*** RECORDS TO USE ***
text \<open>Let A + B a + C b + D a b be zero-free on the open
  unit bidisk.  Inserting an edge between the two variables turns it into
  A + bt B a + bt C b + D a b, which is zero-free for |a| < 1, |b| <= 1.  Proof: multiply by the
  edge factor in fresh variables (x2, b2) and contract the pairs (a, x2), then (b, b2), by Asano;
  the edge factor allows a radius T > 1 for b2, so the closed disk |b| <= 1 is reached.\<close>
lemma edge_insertion:
  fixes A B C D a0 b0 :: complex and bt :: real
  assumes bt: "0 < bt" "bt < 1"
    and P: "\<forall>a b. cmod a < 1 \<longrightarrow> cmod b < 1 \<longrightarrow> A + B*a + C*b + D*a*b \<noteq> 0"
    and a0: "cmod a0 < 1" and b0: "cmod b0 \<le> 1"
  shows "A + bt*B*a0 + bt*C*b0 + D*a0*b0 \<noteq> 0"
proof -
  define s where "s = (1 + cmod a0)/2"
  have "cmod a0 < s" "s < 1" using a0 unfolding s_def by (simp_all add: field_simps)
  moreover have "0 < s" using calculation(1) norm_ge_zero[of a0] by linarith
  ultimately have s: "cmod a0 < s" "s < 1" "0 < s" by blast+
  define T where "T = (1 + bt * s)/(bt + s)"
  have "0 < (1 - bt)*(1 - s)" using bt s by simp
  hence "bt + s < 1 + bt * s" by (simp add: algebra_simps)
  hence T1: "1 < T" using bt s by (simp add: T_def)
  have first_contraction: "(A + C*b1)*(1 + bt*b2) + ((B + D*b1)*(bt + b2)) * a \<noteq> 0"
    if b1: "cmod b1 < 1" and b2: "cmod b2 < T" and a: "cmod a < 1 * s" for b1 b2 a :: complex
  proof -
    have "\<forall>x1 x2. cmod x1 < 1 \<longrightarrow> cmod x2 < s \<longrightarrow>
      (A + C*b1)*(1 + bt*b2) + ((B + D*b1)*(1 + bt*b2))*x1 + ((A + C*b1)*(bt + b2))*x2
        + ((B + D*b1)*(bt + b2))*x1*x2 \<noteq> 0"
    proof (intro allI impI)
      fix x1 x2 :: complex assume x1: "cmod x1 < 1" and x2: "cmod x2 < s"
      have "A + B*x1 + C*b1 + D*x1*b1 \<noteq> 0" using P x1 b1 by blast
      moreover have "1 + bt*x2 + bt*b2 + x2*b2 \<noteq> 0"
      proof (rule edge_factor_nonzero[OF bt _ x2])
        show "s \<le> 1" using s by simp
        show "cmod b2 * (bt + s) < 1 + bt * s"
          using b2 s bt by (simp add: T_def pos_less_divide_eq)
      qed
      ultimately have "(A + B*x1 + C*b1 + D*x1*b1) * (1 + bt*x2 + bt*b2 + x2*b2) \<noteq> 0" by simp
      thus "(A + C*b1)*(1 + bt*b2) + ((B + D*b1)*(1 + bt*b2))*x1 + ((A + C*b1)*(bt + b2))*x2
        + ((B + D*b1)*(bt + b2))*x1*x2 \<noteq> 0" by (simp add: algebra_simps)
    qed
    from asano_contraction[OF _ _ this a] s show ?thesis by simp
  qed
  have "\<forall>x1 x2. cmod x1 < 1 \<longrightarrow> cmod x2 < T \<longrightarrow>
      (A + bt*B*a0) + (C + bt*D*a0)*x1 + (bt*A + B*a0)*x2 + (bt*C + D*a0)*x1*x2 \<noteq> 0"
  proof (intro allI impI)
    fix x1 x2 :: complex assume "cmod x1 < 1" "cmod x2 < T"
    from first_contraction[OF this] s have "(A + C*x1)*(1 + bt*x2) + ((B + D*x1)*(bt + x2)) * a0 \<noteq> 0"
      by simp
    thus "(A + bt*B*a0) + (C + bt*D*a0)*x1 + (bt*A + B*a0)*x2 + (bt*C + D*a0)*x1*x2 \<noteq> 0"
      by (simp add: algebra_simps)
  qed
  moreover have "cmod b0 < 1 * T" using b0 T1 by simp
  ultimately have "(A + bt*B*a0) + (bt*C + D*a0)*b0 \<noteq> 0" using T1 by (intro asano_contraction) auto
  thus ?thesis by (simp add: algebra_simps)
qed

text \<open>Each root r <> 1 of the closed unit disk contributes 1/(1 - r), of positive real part.\<close>
lemma re_inverse_one_minus_pos:
  fixes r :: complex
  assumes "cmod r \<le> 1" "r \<noteq> 1"
  shows "0 < Re (1 / (1 - r))"
proof -
  have "Re r < 1"
  proof (rule ccontr)
    assume "\<not> Re r < 1"
    hence "Re r = 1" using complex_Re_le_cmod[of r] assms(1) by linarith
    moreover have "(Im r)^2 \<le> 0"
      using \<open>Re r = 1\<close> cmod_power2[of r] power_le_one[OF norm_ge_zero assms(1), of 2] by simp
    ultimately have "r = 1" by (simp add: complex_eq_iff)
    with assms(2) show False by simp
  qed
  thus ?thesis using assms(2) by (simp add: Re_divide')
qed

text \<open>A Gauss-Lucas type fact: if all roots of p lie in the closed unit disk and p(1) <> 0, then
  Re(p'(1)/p(1)) = sum over roots r of Re(1/(1-r)) is nonnegative, and positive if deg p > 0.\<close>
lemma logderiv_at_one_re_pos:
  fixes p :: "complex poly"
  assumes "degree p = n" "\<forall>t. poly p t = 0 \<longrightarrow> cmod t \<le> 1" "poly p 1 \<noteq> 0"
  shows "0 \<le> Re (poly (pderiv p) 1 / poly p 1) \<and> (0 < n \<longrightarrow> 0 < Re (poly (pderiv p) 1 / poly p 1))"
  using assms
proof (induction n arbitrary: p)
  case 0
  hence "pderiv p = 0" by (simp add: pderiv_eq_0_iff)
  thus ?case by simp
next
  case (Suc n)
  hence "\<not> constant (poly p)" by (simp add: constant_degree)
  then obtain r where r: "poly p r = 0" using fundamental_theorem_of_algebra by blast
  hence "[:-r, 1:] dvd p" by (simp add: poly_eq_0_iff_dvd)
  then obtain q where pq: "p = [:-r, 1:] * q" by (elim dvdE)
  have "q \<noteq> 0" using pq Suc.prems(3) by auto
  hence dq: "degree q = n" using Suc.prems(1) pq degree_mult_eq[of "[:-r,1:]" q] by simp
  have polyp: "\<And>t. poly p t = (t - r) * poly q t" unfolding pq by (simp add: algebra_simps)
  have q1: "poly q 1 \<noteq> 0" and r1: "r \<noteq> 1" using Suc.prems(3) polyp[of 1] by auto
  have qroots: "\<forall>t. poly q t = 0 \<longrightarrow> cmod t \<le> 1" using Suc.prems(2) polyp by auto
  have IH: "0 \<le> Re (poly (pderiv q) 1 / poly q 1)" using Suc.IH[OF dq qroots q1] by simp
  have "poly (pderiv p) 1 = (1 - r) * poly (pderiv q) 1 + poly q 1"
    unfolding pq pderiv_mult by (simp add: pderiv_pCons algebra_simps)
  hence "poly (pderiv p) 1 / poly p 1 = poly (pderiv q) 1 / poly q 1 + 1 / (1 - r)"
    using q1 r1 by (simp add: polyp field_simps)
  moreover have "0 < Re (1 / (1 - r))" using Suc.prems(2) r r1 by (intro re_inverse_one_minus_pos) auto
  ultimately show ?case using IH by simp
qed

text \<open>Unless k is a negative real, some direction e in the open right half-plane is also turned
  into the right half-plane by k (take e = |k| + conj k, so that k e = |k| (|k| + k)).\<close>
lemma right_halfplane_direction:
  fixes k :: complex
  assumes "k \<noteq> 0" and "\<not> (Im k = 0 \<and> Re k < 0)"
  shows "\<exists>e. 0 < Re e \<and> 0 < Re (k * e)"
proof -
  have pos: "0 < cmod k + Re k"
  proof (rule ccontr)
    assume "\<not> 0 < cmod k + Re k"
    hence le: "cmod k \<le> - Re k" by simp
    hence "(cmod k)^2 \<le> (Re k)^2"
      by (metis abs_le_square_iff abs_of_nonneg norm_ge_zero order.trans abs_ge_minus_self)
    hence i0: "Im k = 0" by (simp add: cmod_power2)
    hence "Re k \<noteq> 0" using assms(1) by (simp add: complex_eq_iff)
    moreover have "Re k \<le> 0" using le norm_ge_zero[of k] by linarith
    ultimately show False using assms(2) i0 by simp
  qed
  define e where "e = complex_of_real (cmod k) + cnj k"
  have "k * cnj k = (complex_of_real (cmod k))^2" by (metis complex_norm_square of_real_power)
  hence "k * e = complex_of_real (cmod k) * k + complex_of_real ((cmod k)^2)"
    by (simp add: e_def distrib_left mult.commute)
  hence "Re (k * e) = cmod k * (cmod k + Re k)" by (simp add: power2_eq_square algebra_simps)
  hence "0 < Re (k * e)" using pos assms(1) by simp
  moreover have "0 < Re e" using pos by (simp add: e_def)
  ultimately show ?thesis by blast
qed

text \<open>Otherwise, with k = -g/h and e as above, the zero
  s = x e, r = k s/(1 + (K/h) s) has Re s > 0 and Re r > 0 for small x > 0.\<close>
lemma positive_multiple_of_bilinear_nonvanishing:
  fixes g h K :: complex
  assumes g: "g \<noteq> 0" and h: "h \<noteq> 0"
    and H: "\<forall>s r. 1 < cmod (1 + s) \<longrightarrow> 1 < cmod (1 + r) \<longrightarrow> g * s + h * r + K * s * r \<noteq> 0"
  shows "\<exists>l>0. g = of_real l * h"
proof -
  define k where "k = - g / h"
  have main: "Im k = 0 \<and> Re k < 0"
  proof (rule ccontr)
    assume "\<not> (Im k = 0 \<and> Re k < 0)"
    moreover have "k \<noteq> 0" using g h by (simp add: k_def)
    ultimately obtain e where e: "0 < Re e" "0 < Re (k * e)" using right_halfplane_direction by blast
    define c where "c = K / h"
    define f where "f = (\<lambda>x::real. k * e / (1 + c * of_real x * e))"
    have "(f \<longlongrightarrow> k * e / (1 + c * of_real 0 * e)) (at_right 0)"
      unfolding f_def by (intro tendsto_intros) auto
    hence "(f \<longlongrightarrow> k * e) (at_right 0)" by simp
    hence "((\<lambda>x. Re (f x)) \<longlongrightarrow> Re (k * e)) (at_right 0)" by (rule tendsto_Re)
    hence ev1: "eventually (\<lambda>x. 0 < Re (f x)) (at_right 0)" using e(2) by (rule order_tendstoD(1))
    have "((\<lambda>x::real. 1 + c * of_real x * e) \<longlongrightarrow> 1 + c * of_real 0 * e) (at_right 0)"
      by (intro tendsto_intros)
    hence "((\<lambda>x::real. 1 + c * of_real x * e) \<longlongrightarrow> 1) (at_right 0)" by simp
    hence ev2: "eventually (\<lambda>x::real. 1 + c * of_real x * e \<noteq> 0) (at_right 0)"
      by (rule tendsto_imp_eventually_ne) simp
    have "eventually (\<lambda>x. 0 < Re (f x) \<and> 1 + c * of_real x * e \<noteq> 0 \<and> 0 < x) (at_right (0::real))"
      using ev1 ev2 eventually_at_right_less by eventually_elim auto
    then obtain x :: real where x: "0 < Re (f x)" "1 + c * of_real x * e \<noteq> 0" "0 < x"
      using eventually_happens' trivial_limit_at_right_real by blast
    define s where "s = of_real x * e"
    define r where "r = of_real x * f x"
    have "1 < cmod (1 + s)"
      using complex_Re_le_cmod[of "1 + s"] mult_pos_pos[OF x(3) e(1)] by (simp add: s_def)
    moreover have "1 < cmod (1 + r)"
      using complex_Re_le_cmod[of "1 + r"] mult_pos_pos[OF x(3) x(1)] by (simp add: r_def)
    moreover have "g * s + h * r + K * s * r = 0"
    proof -
      have "r * (1 + c * s) = k * s" using x(2) by (simp add: r_def f_def s_def mult_ac)
      hence "h * (r * (1 + c * s)) = h * (k * s)" by simp
      hence "h * r + (h * c) * s * r = (h * k) * s" by (simp add: algebra_simps)
      moreover have "h * k = - g" "h * c = K" using h by (simp_all add: k_def c_def)
      ultimately have "h * r + K * s * r = - g * s" by (simp only:)
      thus ?thesis by (simp add: add.assoc)
    qed
    ultimately show False using H by blast
  qed
  show ?thesis
  proof (intro exI conjI)
    show "0 < - Re k" using main by simp
    have "k = complex_of_real (Re k)" using main by (simp add: complex_eq_iff)
    thus "g = complex_of_real (- Re k) * h" using h by (simp add: k_def field_simps)
  qed
qed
***
• [WORK REQUIRED]:
Every line above from the line with "add: power2_eq_square algebra_simps)" to the line with "define f where", inclusive, must be returned exactly; no other line belongs in the reply.

• [TASK RESULT]:
  hence "Re (k * e) = cmod k * (cmod k + Re k)" by (simp add: power2_eq_square algebra_simps)
  hence "0 < Re (k * e)" using pos assms(1) by simp
  moreover have "0 < Re e" using pos by (simp add: e_def)
  ultimately show ?thesis by blast
qed

text \<open>Otherwise, with k = -g/h and e as above, the zero
  s = x e, r = k s/(1 + (K/h) s) has Re s > 0 and Re r > 0 for small x > 0.\<close>
lemma positive_multiple_of_bilinear_nonvanishing:
  fixes g h K :: complex
  assumes g: "g \<noteq> 0" and h: "h \<noteq> 0"
    and H: "\<forall>s r. 1 < cmod (1 + s) \<longrightarrow> 1 < cmod (1 + r) \<longrightarrow> g * s + h * r + K * s * r \<noteq> 0"
  shows "\<exists>l>0. g = of_real l * h"
proof -
  define k where "k = - g / h"
  have main: "Im k = 0 \<and> Re k < 0"
  proof (rule ccontr)
    assume "\<not> (Im k = 0 \<and> Re k < 0)"
    moreover have "k \<noteq> 0" using g h by (simp add: k_def)
    ultimately obtain e where e: "0 < Re e" "0 < Re (k * e)" using right_halfplane_direction by blast
    define c where "c = K / h"
    define f where "f = (\<lambda>x::real. k * e / (1 + c * of_real x * e))"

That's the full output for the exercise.